Çifte standardı gördük. Avrupa’da baktığınız zaman özellikle Türkiye’ye dönük çok rahat ve acımasız bir dil kullanıldığını biliyoruz. Ama aynı şey bir AB üyesi ülkede yaşandığı zaman adeta mahalli dayanışması içinde tavır sergilendiğini görüyoruz. Bu Avrupa’ya yakışmıyor. Avrupa’nın kendi değerlerini öncelikle kendisinde uygulaması gerekir. Avrupa kendine çeki düzen vermeli. Aynaya bakmalı. Avrupa moral üstünlüğünü bu fotoğraflarla yitiriyor aslında. Bu hadiseler Avrupa’ya zarar veriyor. Avrupa’nın geleceğine büyük zarar veriyor.
‘Kalıcı çözüm sağlanmalı’
Suriye’de sorun nasıl çözülmeli sizce?
Suriye’de sorun siyasi olarak çözülmediği sürece göçmen meselesine kalıcı bir çözüm bulunamaz. İşin özü Suriye’nin istikrarıdır. Bunun ilk adımı ateşkes sağlamaktı. Bunu Cumhurbaşkanımızın Rusya ziyareti ile sağladık. Sonra da güvenli bölgeler oluşturmak. Ama bu yetmez. Bunun ikinci adımı da kalıcı bir siyasi çözümü Suriye’de sağlamaktır. BM çerçevesinde Astana sürecinde Türkiye bu konuda büyük gayretler sarf etti. Rusya ve İran ile çok farklı bakış açılarımız olmasına rağmen oturup bir siyasi çözümü zorladı Türkiye. Bir anayasa komisyonu oluşturuldu.
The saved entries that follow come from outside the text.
text \<open>Cuts commute and never increase progeny, so the wins of \<open>c\<close> in \<open>F\<^sub>c\<close> persist in \<open>(F\<^sub>x)\<^sub>c\<close>;
  the new root \<open>x\<close> loses because \<open>P(x) < P(R) \<le> 2 P(c)\<close> for the root \<open>R\<close> above it.\<close>

lemma Aset_cut_above:
  assumes F: "forest N E" and cA: "c \<in> Aset N E" and cx: "(c, x) \<in> E\<^sup>*" "c \<noteq> x"
  shows "c \<in> Aset N (cut E x)"
proof -
  have c: "c \<in> N" and x: "x \<in> N"
    using cA Aset_subset forest_rtrancl_closed[OF F cx(1)] by blast+
  have c_kept: "progeny N (cut (cut E x) c) c = progeny N E c"
    using progeny_cut_below[OF F cx(1)] by (simp add: progeny_cut_self forest_cut[OF F])
  have "succ_prog N (cut (cut E x) c) c r" if r: "r \<in> roots N (cut E x)" "r \<noteq> c" for r
  proof (cases "r \<in> roots N E")
    case True
    have "progeny N (cut (cut E c) x) r \<le> progeny N (cut E c) r"
      using progeny_cut_le[OF forest_cut[OF F]] .
    then show ?thesis
      using succ_prog_mono[OF Aset_succ_prog[OF F cA True r(2)]] c_kept
      by (simp add: cut_commute progeny_cut_self F)
  next
    case False
    then have "r = x"
      using r(1) roots_cut[OF x] by blast
    obtain R where R: "R \<in> roots N E" "(x, R) \<in> E\<^sup>*"
      using root_exists[OF F x] by blast
    have "x \<noteq> R"
      using False R(1) \<open>r = x\<close> by blast
    then have "progeny N E x < progeny N E R"
      using progeny_strict_mono[OF F R(2) _ x] by blast
    moreover have "progeny N E R \<le> 2 * progeny N E c"
      using Aset_progeny_le_double[OF F cA, of R] cx R(2) \<open>x \<noteq> R\<close>
      by (metis forest_rtrancl_antisym[OF F] rtrancl_trans)
    ultimately have "progeny N E x - progeny N E c < progeny N E c"
      by linarith
    moreover have "(c, x) \<in> (cut E x)\<^sup>*"
      using cx rtrancl_cut_iff[OF F] by blast
    ultimately show ?thesis
      using c_kept \<open>r = x\<close> cx(2) progeny_cut_below[OF F cx(1)]
      unfolding succ_prog_def by (simp add: progeny_cut F forest_cut)
  qed
  then show ?thesis
    using Aset_iff[OF forest_cut[OF F] c] roots_cut[OF x] by blast
qed

subsection \<open>Values of the mechanism\<close>

lemma Mf_eq_Mroot_cut: "Mf N E x = Mroot N (cut E x) x"
  unfolding Mf_def by (simp add: cut_root)

lemma Mf_eq_zero: "x \<in> N \<Longrightarrow> x \<notin> Aset N E \<Longrightarrow> Mf N E x = 0"
  unfolding Mf_eq_Mroot_cut Mroot_def Aset_def by simp

lemma Mf_eq_half: "x \<in> Aset N E \<Longrightarrow> card (Aset N (cut E x)) = 1 \<Longrightarrow> Mf N E x = 1/2"
  unfolding Mf_eq_Mroot_cut Mroot_def Aset_def by simp
(* Let $X$ be a locally path connected and semilocally simply connected space. Then the CO' topology and the UC topology on $\Pi_1(X)$ coincide.
   Context: For a space $X$, $\mathcal P X=C([0,1],X)$ is the set of paths, with the compact-open topology. For paths $\gamma,\eta$ with $\gamma(0)=\eta(1)$, $\gamma\,\Box\,\eta$ denotes the concatenated path which first traverses $\eta$ and then $\gamma$; $[\gamma]$ denotes the endpoint-fixing path-homotopy class of $\gamma$, and $\Pi_1(X)$ is the set of all such classes (the fundamental groupoid). A subset $V\subseteq X$ is relatively inessential if for $x\in V$ the homomorphism $\pi_1(V,x)\to\pi_1(X,x)$ induced by inclusion is trivial; $X$ is semilocally simply connected if every point has a relatively inessential neighbourhood. The CO' topology on $\Pi_1(X)$ is the quotient topology induced from the compact-open topology on $\mathcal P X$ by $q\colon\gamma\mapsto[\gamma]$. For $[\gamma]\in\Pi_1(X)$ and open sets $U\ni\gamma(1)$, $V\ni\gamma(0)$, let $N([\gamma],U,V)=\{[\delta\,\Box\,\gamma\,\Box\,\theta] : \delta\text{ a path in }U\text{ with }\delta(0)=\gamma(1),\ \theta\text{ a path in }V\text{ with }\theta(1)=\gamma(0)\}$. The UC topology on $\Pi_1(X)$ is the topology generated by the sets $N([\gamma],U,V)$ with $U,V$ path connected relatively inessential open neighbourhoods of $\gamma(1)$, $\gamma(0)$. *)

theory Defs
  imports "HOL-Analysis.Analysis"
begin

text \<open>Concatenation: \<open>pcomp \<gamma> \<eta>\<close> is \<gamma> \<box> \<eta>, which first traverses \<eta> and then \<gamma>.\<close>
definition pcomp :: "(real \<Rightarrow> 'a) \<Rightarrow> (real \<Rightarrow> 'a) \<Rightarrow> real \<Rightarrow> 'a" where
  "pcomp \<gamma> \<eta> = (\<lambda>t. if t \<le> 1/2 then \<eta> (2 * t) else \<gamma> (2 * t - 1))"

definition paths :: "'a topology \<Rightarrow> (real \<Rightarrow> 'a) set" where
  "paths X = {g. pathin X g}"

definition path_homotopic :: "'a topology \<Rightarrow> (real \<Rightarrow> 'a) \<Rightarrow> (real \<Rightarrow> 'a) \<Rightarrow> bool" where
  "path_homotopic X p q \<longleftrightarrow>
     homotopic_with (\<lambda>r. r 0 = p 0 \<and> r 1 = p 1) (top_of_set {0..1}) X p q"

definition pclass :: "'a topology \<Rightarrow> (real \<Rightarrow> 'a) \<Rightarrow> (real \<Rightarrow> 'a) set" where
  "pclass X g = {h. pathin X h \<and> path_homotopic X g h}"

definition Pi1 :: "'a topology \<Rightarrow> (real \<Rightarrow> 'a) set set" where
  "Pi1 X = pclass X ` paths X"

definition rel_inessential :: "'a topology \<Rightarrow> 'a set \<Rightarrow> bool" where
  "rel_inessential X V \<longleftrightarrow>
     (\<forall>x\<in>V. \<forall>l. pathin (subtopology X V) l \<and> l 0 = x \<and> l 1 = x
              \<longrightarrow> path_homotopic X l (\<lambda>t. x))"

definition semilocally_simply_connected :: "'a topology \<Rightarrow> bool" where
  "semilocally_simply_connected X \<longleftrightarrow>
     (\<forall>x\<in>topspace X. \<exists>U V. openin X U \<and> x \<in> U \<and> U \<subseteq> V \<and> V \<subseteq> topspace X
                          \<and> rel_inessential X V)"

definition CO_topology :: "'a topology \<Rightarrow> (real \<Rightarrow> 'a) topology" where
  "CO_topology X = topology_generated_by
     (insert (paths X)
       {{f \<in> paths X. f ` K \<subseteq> U} | K U. compact K \<and> K \<subseteq> {0..1} \<and> openin X U})"

definition quotient_topology :: "'b topology \<Rightarrow> ('b \<Rightarrow> 'c) \<Rightarrow> 'c set \<Rightarrow> 'c topology" where
  "quotient_topology T f Y =
     topology (\<lambda>S. S \<subseteq> Y \<and> openin T {x \<in> topspace T. f x \<in> S})"

lemma istopology_quotient:
  "istopology (\<lambda>S. S \<subseteq> Y \<and> openin T {x \<in> topspace T. f x \<in> S})"
proof -
  have int: "{x \<in> topspace T. f x \<in> S \<inter> S'} =
             {x \<in> topspace T. f x \<in> S} \<inter> {x \<in> topspace T. f x \<in> S'}" for S S'
    by auto
  have un: "{x \<in> topspace T. f x \<in> \<Union>K} = (\<Union>S\<in>K. {x \<in> topspace T. f x \<in> S})" for K
    by auto
  have "openin T {x \<in> topspace T. f x \<in> S \<inter> S'}"
    if "openin T {x \<in> topspace T. f x \<in> S}" "openin T {x \<in> topspace T. f x \<in> S'}" for S S'
    unfolding int using that by (rule openin_Int)
  moreover have "openin T {x \<in> topspace T. f x \<in> \<Union>K}"
    if "\<forall>S\<in>K. openin T {x \<in> topspace T. f x \<in> S}" for K
    unfolding un using that by (intro openin_Union) auto
  ultimately show ?thesis
    unfolding istopology_def by blast
qed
‘AVRUPA’NIN 3 ŞEY YAPMASI LAZIM’
Şimdi Avrupa ne yapmalı?
Avrupa’nın yapması gereken 3 şey var. Birincisi insani yardımları artırmak. Yani Suriye’de yaşayan Suriyelilere, göçmen potansiyeli olan insanlara yerinde insani desteği artırmak durumunda Avrupa ve dünya. Ateşkesin kalıcı hale gelmesi ve bozulmaması için Türkiye’ye her türlü desteği vermek durumunda Avrupa ve sorumluluk sahibi tüm ülkeler. Üçüncüsü de siyasi çözüm. Suriye’nin siyasi çözüme ulaşmasına ve kalıcı bir istikrarın sağlanmasına destek vermek durumundalar. Bunu yapmadıkları sürece bu işin kaynağını kurutmak mümkün değil. Bu göç akımları olmaya her zaman devam edecektir. Bunu polisiye tedbirlerle, bir takım sınır güvenliği tedbirleriyle engellemek bir yere kadar. Burada yapılması gereken mutlaka ve mutlaka Türkiye’nin yanında durmak, siyasi çözümü katkı sunmak ve insani yardımları çok daha güçlü bir şekilde gerçekleştirmektir. Suriye’de güvenli bölgeler oluşturup, orada insanların emin bir şekilde yaşamalarını sağlamaktır.